Außerdem haben wir letztes Mal eine analoge Tape-Maschine verwendet, die er vom Morrisound abgekauft hatte. Auf der wurden damals die ganzen legendären Alben eingespielt, von SUFFOCATION die "Effigy Of The Forgotten", diverse Scheiben von OBITUARY, MORBID ANGEL und all die anderen Klassiker. Eigentlich sollte Erik davon ein kleines Video drehen und die Geschichte hinter diesem Aufnahmegerät erklären, viele wissen ja heutzutage nicht einmal mehr, wie man analog aufnimmt - du kannst dir vorstellen, wie schwer es für uns war, Tapes dafür zu bekommen, und das Risiko bei so einer Aufnahme ist natürlich auch unendlich höher. Aber schlussendlich war es doch etwas besonderes, über eine derart geschichtsträchtige Maschine aufzunehmen.

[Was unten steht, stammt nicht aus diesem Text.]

(* Let $\gamma>0$, let $\beta_1=\beta_1(\gamma)$ be the unique positive solution of $\frac{\sqrt\pi}{2}\gamma x(1+x)^{1/2}(3+x)=1$, and let $0\le\beta<\beta_1$. For each $\lambda>0$ let $\varphi_\lambda$ be the unique solution, within the set of bounded analytic functions $h:[0,\lambda]\to\mathbb{R}$ with $0\le h\le 1$, of \begin{align*} &[(1+\beta y(\eta))y'(\eta)]'+2\eta y'(\eta)=0, \quad 0<\eta<\lambda,\\ &y'(0)+\beta y(0)y'(0)-\gamma y(0)=0,\\ &y(\lambda)=1. \end{align*} Then $\varphi_\lambda'$ depends continuously on the parameter $\lambda>0$; in particular the map $\lambda\mapsto\varphi_\lambda'(\lambda)$ is continuous on $(0,\infty)$. *)

theory Defs
  imports "HOL-Analysis.Analysis"
begin

definition beta1 :: "real \<Rightarrow> real" where
  "beta1 \<gamma> = (THE x. x > 0 \<and> sqrt pi / 2 * \<gamma> * x * sqrt (1 + x) * (3 + x) = 1)"

definition real_analytic_on :: "(real \<Rightarrow> real) \<Rightarrow> real set \<Rightarrow> bool" where
  "real_analytic_on h S \<longleftrightarrow>
     (\<forall>x\<in>S. \<exists>r>0. \<exists>a::nat \<Rightarrow> real.
        \<forall>y\<in>S. \<bar>y - x\<bar> < r \<longrightarrow> (\<lambda>n. a n * (y - x) ^ n) sums h y)"

definition admissible :: "real \<Rightarrow> (real \<Rightarrow> real) \<Rightarrow> bool" where
  "admissible lam h \<longleftrightarrow> real_analytic_on h {0..lam} \<and>
     bounded (h ` {0..lam}) \<and> (\<forall>t\<in>{0..lam}. 0 \<le> h t \<and> h t \<le> 1)"

definition solves_bvp :: "real \<Rightarrow> real \<Rightarrow> real \<Rightarrow> (real \<Rightarrow> real) \<Rightarrow> bool" where
  "solves_bvp \<gamma> \<beta> lam h \<longleftrightarrow>
     (\<exists>y'::real \<Rightarrow> real.
        (\<forall>t\<in>{0..lam}. (h has_real_derivative y' t) (at t within {0..lam})) \<and>
        (\<forall>t\<in>{0<..<lam}. ((\<lambda>s. (1 + \<beta> * h s) * y' s) has_real_derivative (- 2 * t * y' t)) (at t)) \<and>
        y' 0 + \<beta> * h 0 * y' 0 - \<gamma> * h 0 = 0 \<and>
        h lam = 1)"

end

theory Submission
  imports Defs
begin

(* With the Kirchhoff transform F(y) = y + beta y^2/2 the equation reads F(y)'' + 2 eta y' = 0.
   Hence the flux (1 + beta y) y' times exp (I(eta)), where I(eta) = int_0^eta 2s/(1 + beta y(s)) ds,
   is constant; the boundary condition at 0 identifies the constant, so that
   y' = gamma y(0) exp (-I) / (1 + beta y) is an explicit functional of y.
   A Gronwall argument on the negative part of F(y1) - F(y2) gives a comparison principle:
   solutions ordered at 0 stay ordered.  It follows that phi_lam decreases in lam with
   0 <= phi_l1 - phi_l2 <= gamma (l2 - l1), and that I moves by O(l2 - l1) as well.  With the
   Lipschitz bounds in eta this makes phi and I, hence phi' given by the formula above, jointly
   continuous on the triangle 0 <= eta <= lam. *)

section \<open>Calculus on compact intervals\<close>

lemma has_real_derivative_nonneg_imp_le:
  fixes f f' :: "real \<Rightarrow> real"
  assumes deriv: "\<And>x. x \<in> {a..b} \<Longrightarrow> (f has_real_derivative f' x) (at x within {a..b})"
    and nonneg: "\<And>x. x \<in> {a..b} \<Longrightarrow> 0 \<le> f' x"
    and "a \<le> x" "x \<le> y" "y \<le> b"
  shows "f x \<le> f y"
proof (rule DERIV_nonneg_imp_increasing_open[OF \<open>x \<le> y\<close>])
  show "continuous_on {x..y} f"
    using DERIV_continuous_on[OF deriv] by (rule continuous_on_subset) (use assms in auto)
  fix z assume z: "x < z" "z < y"
  then have "at z within {a..b} = at z" using assms by (intro at_within_Icc_at) auto
  then show "\<exists>l. (f has_real_derivative l) (at z) \<and> 0 \<le> l"
    using deriv[of z] nonneg[of z] z assms by auto
qed

lemma has_real_derivative_pos_imp_less:
  fixes f f' :: "real \<Rightarrow> real"
  assumes deriv: "\<And>x. x \<in> {a..b} \<Longrightarrow> (f has_real_derivative f' x) (at x within {a..b})"
    and pos: "\<And>x. x \<in> {a..b} \<Longrightarrow> 0 < f' x"
    and "a \<le> x" "x < y" "y \<le> b"
  shows "f x < f y"
proof (rule DERIV_pos_imp_increasing_open[OF \<open>x < y\<close>])
  show "continuous_on {x..y} f"
    using DERIV_continuous_on[OF deriv] by (rule continuous_on_subset) (use assms in auto)
  fix z assume z: "x < z" "z < y"
  then have "at z within {a..b} = at z" using assms by (intro at_within_Icc_at) auto
  then show "\<exists>l. (f has_real_derivative l) (at z) \<and> 0 < l"
    using deriv[of z] pos[of z] z assms by auto
qed

lemma has_real_derivative_bounded_imp_lipschitz:
  fixes f f' :: "real \<Rightarrow> real"
  assumes "\<And>x. x \<in> {a..b} \<Longrightarrow> (f has_real_derivative f' x) (at x within {a..b})"
    and "\<And>x. x \<in> {a..b} \<Longrightarrow> \<bar>f' x\<bar> \<le> B"
    and "x \<in> {a..b}" "y \<in> {a..b}"
  shows "\<bar>f x - f y\<bar> \<le> B * \<bar>x - y\<bar>"
  using field_differentiable_bound[of "{a..b}" f f' B x y] assms by auto

lemma has_real_derivative_Icc_from_interior:
  fixes h g :: "real \<Rightarrow> real"
  assumes h: "continuous_on {a..b} h" and g: "continuous_on {a..b} g"
    and deriv: "\<And>t. t \<in> {a<..<b} \<Longrightarrow> (h has_real_derivative g t) (at t)"
    and t: "t \<in> {a..b}"
  shows "(h has_real_derivative g t) (at t within {a..b})"
proof (rule has_field_derivative_transform_within[OF _ zero_less_one t])
  show "((\<lambda>s. h a + integral {a..s} g) has_real_derivative g t) (at t within {a..b})"
    using DERIV_add[OF DERIV_const integral_has_real_derivative[OF g t]] by simp
  fix s assume s: "s \<in> {a..b}"
  have "(g has_integral h s - h a) {a..s}"
  proof (rule fundamental_theorem_of_calculus_interior)
    show "continuous_on {a..s} h" using h by (rule continuous_on_subset) (use s in auto)
  qed (use s deriv in \<open>auto simp: has_real_derivative_iff_has_vector_derivative\<close>)
  then show "h a + integral {a..s} g = h s" by (simp add: integral_unique)
qed

lemma gronwall_zero:
  fixes v :: "real \<Rightarrow> real"
  assumes cont: "continuous_on {0..L} v" and nonneg: "\<And>t. t \<in> {0..L} \<Longrightarrow> 0 \<le> v t"
    and "0 \<le> K" and le: "\<And>t. t \<in> {0..L} \<Longrightarrow> v t \<le> K * integral {0..t} v"
    and t: "t \<in> {0..L}"
  shows "v t = 0"
proof -
  define V where "V t = integral {0..t} v" for t
  define g where "g t = - exp (- K * t) * V t" for t
  have "(g has_real_derivative exp (- K * x) * (K * V x - v x)) (at x within {0..L})"
    if "x \<in> {0..L}" for x
    unfolding g_def V_def
    by (rule derivative_eq_intros integral_has_real_derivative[OF cont that] refl)+
      (simp add: algebra_simps)
  then have "g 0 \<le> g t"
    by (rule has_real_derivative_nonneg_imp_le) (use le t in \<open>auto simp: V_def\<close>)
  moreover have "0 \<le> V t" unfolding V_def
    by (rule integral_nonneg, rule integrable_continuous_interval, rule continuous_on_subset[OF cont])
      (use t nonneg in auto)
  ultimately have "V t = 0" by (simp add: g_def V_def mult_le_0_iff)
  then show ?thesis using le[OF t] nonneg[OF t] by (simp add: V_def)
qed

lemma exp_minus_diff_le:
  fixes x y :: real
  shows "exp (- x) - exp (- y) \<le> exp (- x) * (y - x)"
proof -
  have "exp (- x) * (1 + (x - y)) \<le> exp (- x) * exp (x - y)"
    by (intro mult_left_mono exp_ge_add_one_self) auto
  then show ?thesis by (simp add: algebra_simps flip: exp_add)
qed

lemma mult_exp_minus_diff_ge:
  fixes a1 a2 I1 I2 M :: real
  assumes "0 \<le> a2" "a2 \<le> a1" "a2 \<le> 1" "0 \<le> I2" "I1 - I2 \<le> M" "0 \<le> M"
  shows "- M \<le> a1 * exp (- I1) - a2 * exp (- I2)"
proof -
  have "a2 * (exp (- I2) - exp (- I1)) \<le> a2 * (exp (- I2) * M)"
    using exp_minus_diff_le[of I2 I1] assms(1,5)
    by (intro mult_left_mono order_trans[OF _ mult_left_mono[of _ M]]) auto
  also have "\<dots> \<le> 1 * (1 * M)"
    using assms by (intro mult_mono) auto
  finally have "a2 * exp (- I2) - a2 * exp (- I1) \<le> M" by (simp add: algebra_simps)
  moreover have "a2 * exp (- I1) \<le> a1 * exp (- I1)" using assms(2) by simp
  ultimately show ?thesis by linarith
qed

section \<open>Kirchhoff transform and integrating factor\<close>

definition kirchhoff :: "real \<Rightarrow> real \<Rightarrow> real" where
  "kirchhoff \<beta> x = x + \<beta> * x\<^sup>2 / 2"

definition intfac :: "real \<Rightarrow> (real \<Rightarrow> real) \<Rightarrow> real \<Rightarrow> real" where
  "intfac \<beta> h t = integral {0..t} (\<lambda>s. 2 * s / (1 + \<beta> * h s))"

definition slope :: "real \<Rightarrow> real \<Rightarrow> (real \<Rightarrow> real) \<Rightarrow> real \<Rightarrow> real" where
  "slope \<gamma> \<beta> h t = \<gamma> * h 0 * exp (- intfac \<beta> h t) / (1 + \<beta> * h t)"

lemma kirchhoff_diff_ge:
  assumes "0 \<le> \<beta>" "0 \<le> x2" "x2 \<le> x1"
  shows "x1 - x2 \<le> kirchhoff \<beta> x1 - kirchhoff \<beta> x2"
proof -
  have "kirchhoff \<beta> x1 - kirchhoff \<beta> x2 = (x1 - x2) * (1 + \<beta> * (x1 + x2) / 2)"
    by (simp add: kirchhoff_def power2_eq_square field_simps)
  moreover have "(x1 - x2) * 1 \<le> (x1 - x2) * (1 + \<beta> * (x1 + x2) / 2)"
    using assms by (intro mult_left_mono) auto
  ultimately show ?thesis by simp
qed

lemma kirchhoff_le_iff:
  assumes "0 \<le> \<beta>" "0 \<le> x" "0 \<le> y"
  shows "kirchhoff \<beta> x \<le> kirchhoff \<beta> y \<longleftrightarrow> x \<le> y"
  using kirchhoff_diff_ge[of \<beta> x y] kirchhoff_diff_ge[of \<beta> y x] assms by linarith

lemma kirchhoff_has_real_derivative:
  assumes "(h has_real_derivative h') (at x within S)"
  shows "((\<lambda>s. kirchhoff \<beta> (h s)) has_real_derivative (1 + \<beta> * h x) * h') (at x within S)"
  unfolding kirchhoff_def power2_eq_square
  by (auto intro!: derivative_eq_intros assms simp: algebra_simps)

lemma continuous_on_kirchhoff:
  "continuous_on S h \<Longrightarrow> continuous_on S (\<lambda>s. kirchhoff \<beta> (h s))"
  unfolding kirchhoff_def by (intro continuous_intros) auto

lemma continuous_on_intfac_integrand:
  fixes h :: "real \<Rightarrow> real"
  assumes "0 \<le> \<beta>" "continuous_on S h" "\<And>s. s \<in> S \<Longrightarrow> 0 \<le> h s"
  shows "continuous_on S (\<lambda>s. 2 * s / (1 + \<beta> * h s))"
proof -
  have "\<forall>s\<in>S. 1 + \<beta> * h s \<noteq> 0"
    using assms(1,3) by (metis add_nonneg_eq_0_iff mult_nonneg_nonneg zero_neq_one zero_le_one)
  then show ?thesis using assms(2) by (intro continuous_intros) auto
qed

lemma intfac_integrand_integrable:
  fixes h :: "real \<Rightarrow> real"
  assumes "0 \<le> \<beta>" "continuous_on {0..L} h" "\<And>s. s \<in> {0..L} \<Longrightarrow> 0 \<le> h s" "t \<in> {0..L}"
  shows "(\<lambda>s. 2 * s / (1 + \<beta> * h s)) integrable_on {0..t}"
  by (rule integrable_continuous_interval, rule continuous_on_subset,
      rule continuous_on_intfac_integrand[OF assms(1-3)]) (use assms(4) in auto)

lemma intfac_has_real_derivative:
  assumes "0 \<le> \<beta>" "continuous_on {0..L} h" "\<And>s. s \<in> {0..L} \<Longrightarrow> 0 \<le> h s" "t \<in> {0..L}"
  shows "(intfac \<beta> h has_real_derivative 2 * t / (1 + \<beta> * h t)) (at t within {0..L})"
  unfolding intfac_def
  by (rule integral_has_real_derivative[OF continuous_on_intfac_integrand[OF assms(1-3)] assms(4)])

lemma intfac_nonneg:
  assumes "0 \<le> \<beta>" "continuous_on {0..L} h" "\<And>s. s \<in> {0..L} \<Longrightarrow> 0 \<le> h s" "t \<in> {0..L}"
  shows "0 \<le> intfac \<beta> h t"
  unfolding intfac_def
  by (rule integral_nonneg[OF intfac_integrand_integrable[OF assms]]) (use assms in auto)

lemma intfac_antimono:
  assumes "0 \<le> \<beta>" "continuous_on {0..L} y1" "continuous_on {0..L} y2"
    and "\<And>s. s \<in> {0..L} \<Longrightarrow> 0 \<le> y2 s \<and> y2 s \<le> y1 s" and "t \<in> {0..L}"
  shows "intfac \<beta> y1 t \<le> intfac \<beta> y2 t"
  unfolding intfac_def
proof (rule integral_le)
  show "(\<lambda>s. 2 * s / (1 + \<beta> * y1 s)) integrable_on {0..t}"
    by (rule intfac_integrand_integrable[OF assms(1,2)]) (use assms(4,5) in force)+
  show "(\<lambda>s. 2 * s / (1 + \<beta> * y2 s)) integrable_on {0..t}"
    by (rule intfac_integrand_integrable[OF assms(1,3)]) (use assms(4,5) in force)+
  fix s assume s: "s \<in> {0..t}"
  then have "0 \<le> \<beta> * y2 s" "\<beta> * y2 s \<le> \<beta> * y1 s"
    using assms(1,4,5) by (auto intro: mult_left_mono)
  then show "2 * s / (1 + \<beta> * y1 s) \<le> 2 * s / (1 + \<beta> * y2 s)"
    using s by (intro divide_left_mono) auto
qed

SB: Das klingt danach, als würde die Zusammenarbeit mit Erik fortgesetzt werden...

Das ist unser Plan, ja. Vor unserem Abflug nach Australien verbrachte Zack zwei Monate bei uns - üblicherweise ist er oben in Phoenix, AZ - um zu proben. Aber irgendwann wurde uns das Proben der alten Stücke zu blöd, und so haben wir bereits etwa zweieinhalb neue Stücke zusammen.

RF: Wenn wir auf eure Texte zu sprechen kommen, was ist da der essenzielle Kern?

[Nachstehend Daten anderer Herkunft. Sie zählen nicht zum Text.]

lemma fun_upd_plus_ne_minus:
  fixes x :: "'a \<Rightarrow> int"
  shows "x(k := x k + 1) \<noteq> x(k' := x k' - 1)"
  by (cases "k = k'") (auto dest!: fun_cong[where x = k])

text \<open>With a single covariate the margins are the strata, so the marginal weight also penalises
  stratum imbalance.\<close>
definition imbalance_coercivity :: "nat \<Rightarrow> (nat \<Rightarrow> real) \<Rightarrow> real \<Rightarrow> real" where
  "imbalance_coercivity I wm ws = (if I = 1 then ws + wm 1 else ws)"

locale car_procedure =
  fixes I :: nat and m :: "nat \<Rightarrow> nat"
    and wo ws p q :: real and wm :: "nat \<Rightarrow> real"
    and pr :: "(nat \<Rightarrow> nat) \<Rightarrow> real"
  assumes wo_nonneg: "wo \<ge> 0" and ws_nonneg: "ws \<ge> 0" and wm_nonneg: "\<forall>i\<in>{1..I}. wm i \<ge> 0"
    and weights_sum: "wo + (\<Sum>i=1..I. wm i) + ws = 1"
    and q_pos: "0 < q" and q_less_p: "q < p" and p_plus_q: "p + q = 1"
    and pr_nonneg: "\<forall>k\<in>strata I m. pr k \<ge> 0"
    and pr_sum: "(\<Sum>k\<in>strata I m. pr k) = 1"
    and coercivity_pos: "0 < imbalance_coercivity I wm ws"
begin

abbreviation "S \<equiv> strata I m"
abbreviation "Pt \<equiv> car_trans I m wo wm ws p q pr"
abbreviation "Nt \<equiv> car_succ I m"
abbreviation "ap \<equiv> assign_prob I m wo wm ws p q"
abbreviation "Imx \<equiv> Imb I m wo wm ws"
abbreviation "c0 \<equiv> imbalance_coercivity I wm ws"
abbreviation "Ov x \<equiv> real_of_int (overall_imb I m x)"
abbreviation "Mg x i l \<equiv> real_of_int (margin_imb I m x i l)"

lemma finite_strata: "finite S"
  unfolding strata_def by (rule finite_PiE) auto

lemma assign_prob_bounds: "q \<le> ap x k" "ap x k \<le> p"
  using q_less_p p_plus_q unfolding assign_prob_def Let_def by auto

lemma assign_prob_in_unit: "0 \<le> ap x k" "ap x k \<le> 1"
  using assign_prob_bounds[of x k] q_pos p_plus_q by auto

lemma car_trans_up: "k \<in> S \<Longrightarrow> Pt x (x(k := x k + 1)) = pr k * ap x k"
  unfolding car_trans_def
  using fun_upd_add_eq_iff[of "1::int" x] fun_upd_plus_ne_minus[of x] finite_strata
  by (simp add: if_distrib[of "\<lambda>t. pr _ * t"] eq_commute[of k] cong: if_cong)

Manchmal schreibt Sammy, manchmal ich - und wir beide haben da unterschiedliche Ansätze. Es kommt immer auf das Riffing an, welches textliche Thema dazu passt. Wir schmeißen ja nichts weg, manchmal nehmen wir auch alte Ideen her und schreiben dann einen neuen Text dazu. Es kann durchaus vorkommen, dass wir für die nächste Scheibe Ideen aus der Zeit unseres ersten Albums hervorkramen. Genauso bei den Texten: Es existieren alte Textpassagen, die noch keine Verwendung fanden und vielleicht irgendwann einmal zum Einsatz kommen oder mich zumindest für neue Texte inspirieren.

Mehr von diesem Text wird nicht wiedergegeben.